Now I feel guilty on top of stupid.
Own it, Mackinlay.I can hear Ruby’s words. Thank heavens Ruby is not the one running my recovery, or I’d be outside halfway through a ten-mile run right now. I love my sister-in-law to bits, but that girl has bigger balls than Harry.
Life wouldn’t be the same without her. She will always have my love and respect for how she turned my brother’s life around. Period.
“You’re doing an awful lot of thinking.” Grace’s smile is still as beautiful as it was moments ago when it appeared, only now it has a hint of cheek to it.
“I don’t?—”
I shift on the seat and clear my throat.
The apology I rustled up before she walked in is stuck, wedged behind my Adam’s apple like a damn stone. She tilts her head and drops to the seat of the abdominal machine. Now her smile slips, and she presses her hands over her denim shorts, chasing away non-existent creases.
“Grace, I don’t want you to go. I’m sorry about what I said. How I said it.”
She looks up from staring at her hands, now clasped in her lap. “Okay. Are you still going to fight me on every single thing? The housework, your recovery?”
“Well, noteverysingle thing...” I smile at her.

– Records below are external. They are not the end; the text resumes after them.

lemma GH_frame_gelfand_pair:
  assumes frame: "GH_frame G H X \<Phi>" and gelfand: "gelfand_pair G H" and x0: "x0 \<in> X"
  shows "gelfand_pair (sym_group_frame X \<Phi>) (stab_frame X \<Phi> x0)"
proof -
  obtain \<beta> \<rho> v where G: "group G" "subgroup H G" and \<beta>: "bij_betw \<beta> X (lcosets G H)" and fin: "finite X"
    and rep: "unitary_rep G \<rho>" "\<forall>x\<in>X. \<forall>g\<in>carrier G. \<beta> x = g <#\<^bsub>G\<^esub> H \<longrightarrow> \<Phi> x = \<rho> g *v v"
    using GH_frameE[OF frame] .
  let ?f = "\<lambda>a. transporters X \<Phi> x0 (inv_into X \<beta> a)"
  have "bij_betw ?f (lcosets G H) (lcosets (sym_group_frame X \<Phi>) (stab_frame X \<Phi> x0))"
    using bij_betw_trans[OF bij_betw_inv_into[OF \<beta>]
        bij_betw_transporters[OF fin x0 GH_frame_imp_transitive[OF frame]]]
    by (simp add: comp_def)
  moreover have "\<exists>\<sigma>\<in>carrier (sym_group_frame X \<Phi>). \<forall>a\<in>lcosets G H.
      ?f (g <#\<^bsub>G\<^esub> a) = \<sigma> <#\<^bsub>sym_group_frame X \<Phi>\<^esub> ?f a" if g: "g \<in> carrier G" for g
  proof (intro bexI ballI)
    show \<sigma>: "coset_action G X \<beta> g \<in> carrier (sym_group_frame X \<Phi>)"
      by (rule coset_action_in_sym_group_frame[OF G \<beta> rep fin g])
    fix a assume a: "a \<in> lcosets G H"
    define x where "x = inv_into X \<beta> a"
    have x: "x \<in> X" "\<beta> x = a"
      using a \<beta> by (auto simp: x_def bij_betw_def inv_into_into f_inv_into_f)
    have "inv_into X \<beta> (g <#\<^bsub>G\<^esub> a) = coset_action G X \<beta> g x"
      using coset_action_in[OF G \<beta> g x(1)] x(2) bij_betw_imp_inj_on[OF \<beta>] by (metis inv_into_f_f)
    then show "?f (g <#\<^bsub>G\<^esub> a) = coset_action G X \<beta> g <#\<^bsub>sym_group_frame X \<Phi>\<^esub> ?f a"
      by (simp add: l_coset_transporters[OF fin \<sigma>] x_def)
  qed
  ultimately show ?thesis by (rule gelfand_pair_transfer[OF gelfand])
qed

lemma bij_betw_image_lcosets:
  assumes K: "group K" "subgroup L K" and \<phi>: "\<phi> \<in> iso K T"
  shows "bij_betw ((`) \<phi>) (lcosets K L) (lcosets T (\<phi> ` L))"
proof -
  have \<phi>_hom: "\<phi> \<in> hom K T" and \<phi>_bij: "bij_betw \<phi> (carrier K) (carrier T)"
    using \<phi> by (auto simp: iso_def)
  have "\<Union>(lcosets K L) \<subseteq> carrier K"
    using lcosets_subset_carrier[OF K] by blast
  then have "inj_on ((`) \<phi>) (lcosets K L)"
    by (rule inj_on_image[OF inj_on_subset[OF bij_betw_imp_inj_on[OF \<phi>_bij]]])
  moreover have "(`) \<phi> ` lcosets K L = (\<lambda>g. \<phi> g <#\<^bsub>T\<^esub> \<phi> ` L) ` carrier K"
    using coset_hom(1)[OF \<phi>_hom subgroup.subset[OF K(2)]]
    by (simp add: lcosets_def Setcompr_eq_image image_image cong: image_cong)
  moreover have "\<dots> = (\<lambda>t. t <#\<^bsub>T\<^esub> \<phi> ` L) ` carrier T"
    by (simp add: bij_betw_imp_surj_on[OF \<phi>_bij, symmetric] image_image)
  moreover have "\<dots> = lcosets T (\<phi> ` L)" by (simp add: lcosets_def Setcompr_eq_image)
  ultimately show ?thesis by (simp add: bij_betw_def)
qed

lemma GH_frame_via_iso:
  assumes frame: "GH_frame_via K L X \<Phi> \<beta>" and \<phi>: "\<phi> \<in> iso K T" and T: "group T"
  shows "GH_frame_via T (\<phi> ` L) X \<Phi> (\<lambda>x. \<phi> ` \<beta> x)"
proof -
  obtain \<rho> v where K: "group K" "finite (carrier K)" "subgroup L K" and \<beta>: "bij_betw \<beta> X (lcosets K L)"
    and rep: "unitary_rep K \<rho>" and fixed: "\<forall>l\<in>L. \<rho> l *v v = v"
    and \<Phi>: "\<forall>x\<in>X. \<forall>g\<in>carrier K. \<beta> x = g <#\<^bsub>K\<^esub> L \<longrightarrow> \<Phi> x = \<rho> g *v v"
    using frame unfolding GH_frame_via_def by blast
  define \<psi> where "\<psi> = inv_into (carrier K) \<phi>"
  have \<phi>_bij: "bij_betw \<phi> (carrier K) (carrier T)" using \<phi> by (simp add: iso_def)
  have \<psi>: "\<psi> \<in> iso T K" unfolding \<psi>_def by (rule group.iso_set_sym[OF K(1) \<phi>])
  have \<phi>\<psi>: "\<phi> (\<psi> t) = t" "\<psi> t \<in> carrier K" if "t \<in> carrier T" for t
    using \<phi>_bij that by (auto simp: \<psi>_def bij_betw_def f_inv_into_f inv_into_into)
  have L: "L \<subseteq> carrier K" using subgroup.subset[OF K(3)] .
  have cosets: "bij_betw ((`) \<phi>) (lcosets K L) (lcosets T (\<phi> ` L))"
    by (rule bij_betw_image_lcosets[OF K(1,3) \<phi>])
  have "unitary_rep T (\<rho> \<circ> \<psi>)"
    using rep \<phi>\<psi>(2) hom_mult[OF iso_imp_homomorphism[OF \<psi>]] by (simp add: unitary_rep_def)
  moreover have "\<forall>l\<in>\<phi> ` L. (\<rho> \<circ> \<psi>) l *v v = v"
    using fixed L \<phi>_bij by (auto simp: \<psi>_def bij_betw_def)
  moreover have "\<forall>x\<in>X. \<forall>t\<in>carrier T. \<phi> ` \<beta> x = t <#\<^bsub>T\<^esub> \<phi> ` L \<longrightarrow> \<Phi> x = (\<rho> \<circ> \<psi>) t *v v"
  proof (intro ballI impI)
    fix x t assume x: "x \<in> X" and t: "t \<in> carrier T" and eq: "\<phi> ` \<beta> x = t <#\<^bsub>T\<^esub> \<phi> ` L"
    have "\<psi> t <#\<^bsub>K\<^esub> L \<in> lcosets K L" using \<phi>\<psi>(2)[OF t] by (auto simp: lcosets_def)
    moreover have "\<phi> ` \<beta> x = \<phi> ` (\<psi> t <#\<^bsub>K\<^esub> L)"
      using eq coset_hom(1)[OF iso_imp_homomorphism[OF \<phi>] L \<phi>\<psi>(2)[OF t]] \<phi>\<psi>(1)[OF t] by simp
    ultimately have "\<beta> x = \<psi> t <#\<^bsub>K\<^esub> L"
      using bij_betw_imp_inj_on[OF cosets] bij_betw_apply[OF \<beta> x] by (auto dest: inj_onD)
    then show "\<Phi> x = (\<rho> \<circ> \<psi>) t *v v" using \<Phi> x \<phi>\<psi>(2)[OF t] by simp
  qed
  moreover have "finite (carrier T)" using K(2) bij_betw_finite[OF \<phi>_bij] by simp
  moreover have "bij_betw (\<lambda>x. \<phi> ` \<beta> x) X (lcosets T (\<phi> ` L))"
    using bij_betw_trans[OF \<beta> cosets] by (simp add: comp_def)
  ultimately show ?thesis
    unfolding GH_frame_via_def using T subgroup.iso_subgroup[OF K(3) K(1) T \<phi>] by blast
qed

lemma homogeneous_frame_if_GH_frame_via:
  fixes K :: "('g, 'b) monoid_scheme"
  assumes frame: "GH_frame_via K L X \<Phi> \<beta>"
  shows "homogeneous_frame X \<Phi>"
proof -
  have K: "group K" "finite (carrier K)" using frame by (simp_all add: GH_frame_via_def)
  obtain f :: "'g \<Rightarrow> nat" where f: "inj_on f (carrier K)"
    using finite_imp_inj_to_nat_seg[OF K(2)] by blast
  have "GH_frame_via (image_group f K) (f ` L) X \<Phi> (\<lambda>x. f ` \<beta> x)"
    by (rule GH_frame_via_iso[OF frame inj_imp_image_group_iso[OF f] group.inj_imp_image_group_is_group[OF K(1) f]])
  then show ?thesis unfolding homogeneous_frame_def GH_frame_def by blast
qed

lemma homogeneous_frame_iff_transitive:
  assumes frame: "is_frame X \<Phi>" and x0: "x0 \<in> X"
  shows "homogeneous_frame X \<Phi> \<longleftrightarrow> (\<forall>x\<in>X. \<forall>y\<in>X. \<exists>\<sigma>\<in>carrier (sym_group_frame X \<Phi>). \<sigma> x = y)"
proof
  assume "homogeneous_frame X \<Phi>"
  then obtain G :: "nat monoid" and H where "GH_frame G H X \<Phi>" unfolding homogeneous_frame_def by blast
  then show "\<forall>x\<in>X. \<forall>y\<in>X. \<exists>\<sigma>\<in>carrier (sym_group_frame X \<Phi>). \<sigma> x = y" by (rule GH_frame_imp_transitive)
qed (rule homogeneous_frame_if_GH_frame_via[OF GH_frame_via_sym_group_frame[OF frame x0]])

theorem theorem3p5:
  fixes X :: "'x set" and \<Phi> :: "'x \<Rightarrow> complex^'n" and x0 :: 'x
  assumes frame: "is_frame X \<Phi>" and x0: "x0 \<in> X"
  shows
    "(homogeneous_frame X \<Phi> \<longleftrightarrow>
        (\<forall>x\<in>X. \<forall>y\<in>X. \<exists>\<sigma>\<in>carrier (sym_group_frame X \<Phi>). \<sigma> x = y))
     \<and> (\<forall>(G :: ('g, 'b) monoid_scheme) H. GH_frame G H X \<Phi> \<longrightarrow>
          (\<forall>x\<in>X. \<forall>y\<in>X. \<exists>\<sigma>\<in>carrier (sym_group_frame X \<Phi>). \<sigma> x = y))
     \<and> ((\<forall>x\<in>X. \<forall>y\<in>X. \<exists>\<sigma>\<in>carrier (sym_group_frame X \<Phi>). \<sigma> x = y) \<longrightarrow>
          (\<exists>\<beta>. (\<forall>x\<in>X. \<forall>\<sigma>\<in>carrier (sym_group_frame X \<Phi>). \<sigma> x0 = x \<longrightarrow>
                    \<beta> x = \<sigma> <#\<^bsub>sym_group_frame X \<Phi>\<^esub> stab_frame X \<Phi> x0)
               \<and> GH_frame_via (sym_group_frame X \<Phi>) (stab_frame X \<Phi> x0) X \<Phi> \<beta>))
     \<and> (\<forall>(G :: ('g, 'b) monoid_scheme) H.
          GH_frame G H X \<Phi> \<and> gelfand_pair G H \<longrightarrow>
          gelfand_pair (sym_group_frame X \<Phi>) (stab_frame X \<Phi> x0))"
proof (intro conjI allI impI)
  show "homogeneous_frame X \<Phi> \<longleftrightarrow> (\<forall>x\<in>X. \<forall>y\<in>X. \<exists>\<sigma>\<in>carrier (sym_group_frame X \<Phi>). \<sigma> x = y)"
    by (rule homogeneous_frame_iff_transitive[OF frame x0])
  show "\<forall>x\<in>X. \<forall>y\<in>X. \<exists>\<sigma>\<in>carrier (sym_group_frame X \<Phi>). \<sigma> x = y" if "GH_frame G H X \<Phi>"
    for G :: "('g, 'b) monoid_scheme" and H
    using that by (rule GH_frame_imp_transitive)
  show "gelfand_pair (sym_group_frame X \<Phi>) (stab_frame X \<Phi> x0)"
    if "GH_frame G H X \<Phi> \<and> gelfand_pair G H" for G :: "('g, 'b) monoid_scheme" and H
    using GH_frame_gelfand_pair[OF conjunct1[OF that] conjunct2[OF that] x0] .
  assume transitive: "\<forall>x\<in>X. \<forall>y\<in>X. \<exists>\<sigma>\<in>carrier (sym_group_frame X \<Phi>). \<sigma> x = y"
  show "\<exists>\<beta>. (\<forall>x\<in>X. \<forall>\<sigma>\<in>carrier (sym_group_frame X \<Phi>). \<sigma> x0 = x \<longrightarrow>
      \<beta> x = \<sigma> <#\<^bsub>sym_group_frame X \<Phi>\<^esub> stab_frame X \<Phi> x0)
      \<and> GH_frame_via (sym_group_frame X \<Phi>) (stab_frame X \<Phi> x0) X \<Phi> \<beta>"
    using GH_frame_via_sym_group_frame[OF frame x0 transitive] l_coset_stab_frame[OF is_frame_finite[OF frame]]
    by (intro exI[where x = "transporters X \<Phi> x0"]) auto
qed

Her eyes soften and she runs a hand through her hair by her ear, tucking it away. It’s thick and slips back around as she dips her head. “I should make a start on lunch.” She stands and walks toward the door.
“Grace?”
She turns back, a hand on the doorframe. Her tank top rides up, and between her short denim shorts and the soft material of her top, a small sliver of her stomach shows. I force my gaze to stay on hers.
“Mackinlay?”
“It’s just Mack.”
Her face bursts with a grin, lighting up her eyes. A second later, the air that was inflating my lungs is nowhere to be found. My heart rate elevates like it’s mid-rep on the leg press and every ounce of blood sinks south.
Sweet Jesus.
No, Mackinlay, she’s ten years younger than you.
An employee.
Don’t even go there.
I rub my hand over my face, and when I look back up, the doorway is empty. Me and Grace, being nice to each other, is a dangerous place to be.
For her.
I start on the leg machine, aiming for maximum discomfort. Anything to tamp down the hard-on that’s fighting its way to life from a single interaction with her.
No, if anything, we can be friends. Nothing else would be fair to her. How can half a man be anything a woman like Grace would ever want, let alone need?
I push up and let the burn swallow my muscles whole.
Thankful for the punishment to replace the thoughts running my body into a frenzy like I’ve never experienced over a woman before.
One Mississippi.
I groan against the weight as the muscles in my thighs bulge to life.
Two Mississippi.
I exhale, trying to shake those blue eyes and that beaming smile from my mind.